While LLVM and Clang are written in C++, the Clang project maintains a C-exported interface called "libclang" which provides access to the abstract syntax tree and type representations. Thanks to the ubiquity of support for C calling conventions, a number of languages have utilized libclang as a basis for tooling related to C and C++.
The Clang.jl Julia package wraps libclang, provides a small convenience API for Julia-style programming, and provides a C-to-Julia wrapper generator built on libclang functionality.
Here is the header file example.h
used in the following examples:
// example.h
struct ExStruct {
int kind;
char* name;
float* data;
};
void* ExFunction (int kind, char* name, float* data) {
struct ExStruct st;
st.kind = kind;
st.name = name;
st.data = data;
}
Printing Struct Fields
To motivate the discussion with a succinct example, consider this struct:
struct ExStruct {
int kind;
char* name;
float* data;
};
Parsing and querying the fields of this struct requires just a few lines of code:
julia> using Clang
julia> trans_unit = Clang.parse_header(Index(), "example.h")

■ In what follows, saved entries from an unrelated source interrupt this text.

(* Let $\breve{\mathcal{X}}_k\subset\mathbb{R}^n$ and $\mathcal{X}^{\rm F}_k\subset\mathbb{R}^n$ be constrained zonotopes and let $\check{\mathcal{X}}_k=\breve{\mathcal{X}}_k\cap_{I_n}\mathcal{X}^{\rm F}_k$. Let $g:\mathbb{R}^n\to\mathbb{R}^{m_c}$, let $\check{\mathcal{P}}_k\supseteq\check{\mathcal{X}}_k$ be a convex polytope, and suppose $g=g^{\rm a}-g^{\rm b}$ on $\check{\mathcal{P}}_k$ where $g^{\rm a},g^{\rm b}$ are differentiable and componentwise convex on $\check{\mathcal{P}}_k$. Let $\bar x\in\check{\mathcal{P}}_k$, $H=\nabla_xg(\bar x)$, and define $\bar g(x)=g(\bar x)+H(x-\bar x)$, $\bar g^{\rm a}(x)=g^{\rm a}(\bar x)+\nabla g^{\rm a}(\bar x)(x-\bar x)$, $\bar g^{\rm b}(x)=g^{\rm b}(\bar x)+\nabla g^{\rm b}(\bar x)(x-\bar x)$. For $i=1,\ldots,m_c$ let $$e^-_i=\min_{x\in\mathrm{vert}(\check{\mathcal{P}}_k)}\big(\bar g^{\rm a}_i(x)-g^{\rm b}_i(x)-\bar g_i(x)\big),\qquad e^+_i=\max_{x\in\mathrm{vert}(\check{\mathcal{P}}_k)}\big(g^{\rm a}_i(x)-\bar g^{\rm b}_i(x)-\bar g_i(x)\big),$$ and let $\mathcal{R}_k$ be the zonotope $\{\mathrm{diag}(\tfrac12(e^+-e^-)),\tfrac12(e^-+e^+)\}$ (the box $[e^-,e^+]$). Define $\mathcal{C}_k=\big(-g(\bar x)+H\bar x\big)\oplus(-\mathcal{R}_k)$. Then $$\{x\in\check{\mathcal{X}}_k:\ g(x)=0_{m_c\times1}\}\subseteq\tilde{\mathcal{X}}_k:=\check{\mathcal{X}}_k\cap_H\mathcal{C}_k,$$ and $\tilde{\mathcal{X}}_k$ is a constrained zonotope.
   Context: A constrained zonotope (CZ) is a set $\{G,c,A,b\}=\{G\xi+c:\xi\in[-1,1]^{n_g},\ A\xi=b\}$; a zonotope $\{G,c\}$ has no equality constraints. $\oplus$ is Minkowski sum (vectors treated as singletons), $-\mathcal{X}=\{-x:x\in\mathcal{X}\}$. The generalized intersection is $\mathcal{X}\cap_M\mathcal{W}=\{x\in\mathcal{X}:Mx\in\mathcal{W}\}$; $I_n$ is the $n\times n$ identity. $\mathrm{vert}(\mathcal{P})$ is the vertex set of the polytope $\mathcal{P}$. Vector-valued convexity is componentwise. *)

theory Defs
  imports "HOL-Analysis.Analysis"
begin

definition cz_set ::
  "('j \<Rightarrow> real^'n) \<Rightarrow> 'j set \<Rightarrow> real^'n \<Rightarrow> ('k \<Rightarrow> 'j \<Rightarrow> real) \<Rightarrow> 'k set \<Rightarrow> ('k \<Rightarrow> real) \<Rightarrow> (real^'n) set"
  where "cz_set G J c A K b =
    {c + (\<Sum>j\<in>J. xi j *\<^sub>R G j) | xi.
       (\<forall>j\<in>J. \<bar>xi j\<bar> \<le> 1) \<and> (\<forall>k\<in>K. (\<Sum>j\<in>J. A k j * xi j) = b k)}"

definition zonotope_set :: "('j \<Rightarrow> real^'n) \<Rightarrow> 'j set \<Rightarrow> real^'n \<Rightarrow> (real^'n) set"
  where "zonotope_set G J c = cz_set G J c (\<lambda>_ _. 0) ({} :: nat set) (\<lambda>_. 0)"

definition is_CZ :: "(real^'n) set \<Rightarrow> bool"
  where "is_CZ S \<longleftrightarrow> (\<exists>(G :: nat \<Rightarrow> real^'n) J c (A :: nat \<Rightarrow> nat \<Rightarrow> real) K b.
            finite J \<and> finite K \<and> S = cz_set G J c A K b)"

definition gen_inter :: "(real^'n) set \<Rightarrow> real^'n^'m \<Rightarrow> (real^'m) set \<Rightarrow> (real^'n) set"
  where "gen_inter X M W = {x \<in> X. M *v x \<in> W}"

definition msum :: "('a::plus) set \<Rightarrow> 'a set \<Rightarrow> 'a set"
  where "msum A B = {a + b | a b. a \<in> A \<and> b \<in> B}"

definition vert :: "('a::real_vector) set \<Rightarrow> 'a set"
  where "vert P = {v. v extreme_point_of P}"

end

(*
  Each g^a_i and g^b_i is convex, so it lies above its tangent plane at xbar. Hence on P the
  remainder g_i - gbar_i is bounded below by the concave function gbar^a_i - g^b_i - gbar_i and
  above by the convex function g^a_i - gbar^b_i - gbar_i. A convex function on a polytope attains
  its maximum at a vertex (and a concave one its minimum), so g - gbar takes values in the box
  [e-, e+], which is the zonotope R. At a zero x of g this gives H x in C.
  That the result is a constrained zonotope holds because constrained zonotopes are closed under
  generalized intersection: stack the generators of X and W, keep both sets of equality
  constraints and add the coupling M (c_X + G_X xi_X) = c_W + G_W xi_W.
*)
theory Submission
  imports Defs
begin

lemma cz_set_reindex:
  assumes f: "bij_betw f J' J" and h: "bij_betw h K' K"
  shows "cz_set G J c A K b = cz_set (G \<circ> f) J' c (\<lambda>k j. A (h k) (f j)) K' (b \<circ> h)"
proof
  have sum_f: "(\<Sum>j\<in>J'. u (f j)) = (\<Sum>j\<in>J. u j)" for u :: "_ \<Rightarrow> 'x::comm_monoid_add"
    by (rule sum.reindex_bij_betw[OF f])
  show "cz_set G J c A K b \<subseteq> cz_set (G \<circ> f) J' c (\<lambda>k j. A (h k) (f j)) K' (b \<circ> h)"
  proof
    fix x assume "x \<in> cz_set G J c A K b"
    then obtain xi where "x = c + (\<Sum>j\<in>J. xi j *\<^sub>R G j)" and "\<forall>j\<in>J. \<bar>xi j\<bar> \<le> 1"
      and "\<forall>k\<in>K. (\<Sum>j\<in>J. A k j * xi j) = b k"
      unfolding cz_set_def by blast
    with f h show "x \<in> cz_set (G \<circ> f) J' c (\<lambda>k j. A (h k) (f j)) K' (b \<circ> h)"
      unfolding cz_set_def sum_f[symmetric]
      by (auto intro!: exI[of _ "xi \<circ> f"] simp: bij_betw_apply)
  qed
  show "cz_set (G \<circ> f) J' c (\<lambda>k j. A (h k) (f j)) K' (b \<circ> h) \<subseteq> cz_set G J c A K b"
  proof
    fix x assume "x \<in> cz_set (G \<circ> f) J' c (\<lambda>k j. A (h k) (f j)) K' (b \<circ> h)"
    then obtain xi where x: "x = c + (\<Sum>j\<in>J'. xi j *\<^sub>R G (f j))" and bnd: "\<forall>j\<in>J'. \<bar>xi j\<bar> \<le> 1"
      and cons: "\<forall>k\<in>K'. (\<Sum>j\<in>J'. A (h k) (f j) * xi j) = b (h k)"
      unfolding cz_set_def by auto
    define xi' where "xi' = xi \<circ> inv_into J' f"
    have xi': "xi' (f j) = xi j" if "j \<in> J'" for j
      using f that by (simp add: xi'_def bij_betw_def)
    have "x = c + (\<Sum>j\<in>J. xi' j *\<^sub>R G j)"
      unfolding x sum_f[symmetric] by (simp add: xi')
    moreover have "\<forall>j\<in>J. \<bar>xi' j\<bar> \<le> 1"
      using bnd f by (simp add: xi'_def bij_betw_inv_into_left bij_betw_def inv_into_into)
    moreover have "\<forall>k\<in>K. (\<Sum>j\<in>J. A k j * xi' j) = b k"
      using cons h unfolding sum_f[symmetric] by (auto simp: xi' bij_betw_def)
    ultimately show "x \<in> cz_set G J c A K b"
      unfolding cz_set_def by blast
  qed
qed

lemma is_CZ_cz_set:
  fixes G :: "'j \<Rightarrow> real^'n" and A :: "'k \<Rightarrow> 'j \<Rightarrow> real"
  assumes "finite J" "finite K"
  shows "is_CZ (cz_set G J c A K b)"
proof -
  obtain f :: "nat \<Rightarrow> 'j" where f: "bij_betw f {0..<card J} J"
    using ex_bij_betw_nat_finite[OF \<open>finite J\<close>] by blast
  obtain h :: "nat \<Rightarrow> 'k" where h: "bij_betw h {0..<card K} K"
    using ex_bij_betw_nat_finite[OF \<open>finite K\<close>] by blast
  show ?thesis
    unfolding is_CZ_def cz_set_reindex[OF f h] by blast
qed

TranslationUnit(Ptr{Nothing} @0x00007fe13cdc8a00, Index(Ptr{Nothing} @0x00007fe13cc8dde0, 0, 1))
julia> root_cursor = Clang.getTranslationUnitCursor(trans_unit)
CLCursor (CLTranslationUnit) example.h
julia> struct_cursor = search(root_cursor, "ExStruct") |> only
CLCursor (CLStructDecl) ExStruct
julia> for c in children(struct_cursor) # print children
println("Cursor: ", c, "\n Kind: ", kind(c), "\n Name: ", name(c), "\n Type: ", Clang.getCursorType(c))
end
Cursor: CLCursor (CLFieldDecl) kind
Kind: CXCursor_FieldDecl(6)
Name: kind
Type: CLType (CLInt)
Cursor: CLCursor (CLFieldDecl) name
Kind: CXCursor_FieldDecl(6)
Name: name
Type: CLType (CLPointer)
Cursor: CLCursor (CLFieldDecl) data
Kind: CXCursor_FieldDecl(6)
Name: data
Type: CLType (CLPointer)
AST Representation
Let's examine the example above, starting with the variable trans_unit
:
julia> trans_unit
TranslationUnit(Ptr{Nothing} @0x00007fa9ac6a9f90, Index(Ptr{Nothing} @0x00007fa9ac6b4080, 0, 1))
A TranslationUnit
is the entry point to the libclang AST. In the example above, trans_unit
is a TranslationUnit
for the parsed file example.h
. The libclang AST is represented as a directed acyclic graph of cursor nodes carrying three pieces of essential information:
- Kind: purpose of cursor node
- Type: type of the object represented by cursor
- Children: list of child nodes
julia> root_cursor
CLCursor (CLTranslationUnit) example.h
root_cursor
is the root cursor node of the TranslationUnit
.
In Clang.jl the cursor type is encapsulated by a Julia type deriving from the abstract type CLCursor. Under the hood, libclang represents each cursor (CXCursor) kind and type (CXType) as an enum value. These enum values are used to automatically map all CXCursor and CXType objects to Julia types. Thus, it is possible to write multiple-dispatch methods against CLCursor or CLType variables.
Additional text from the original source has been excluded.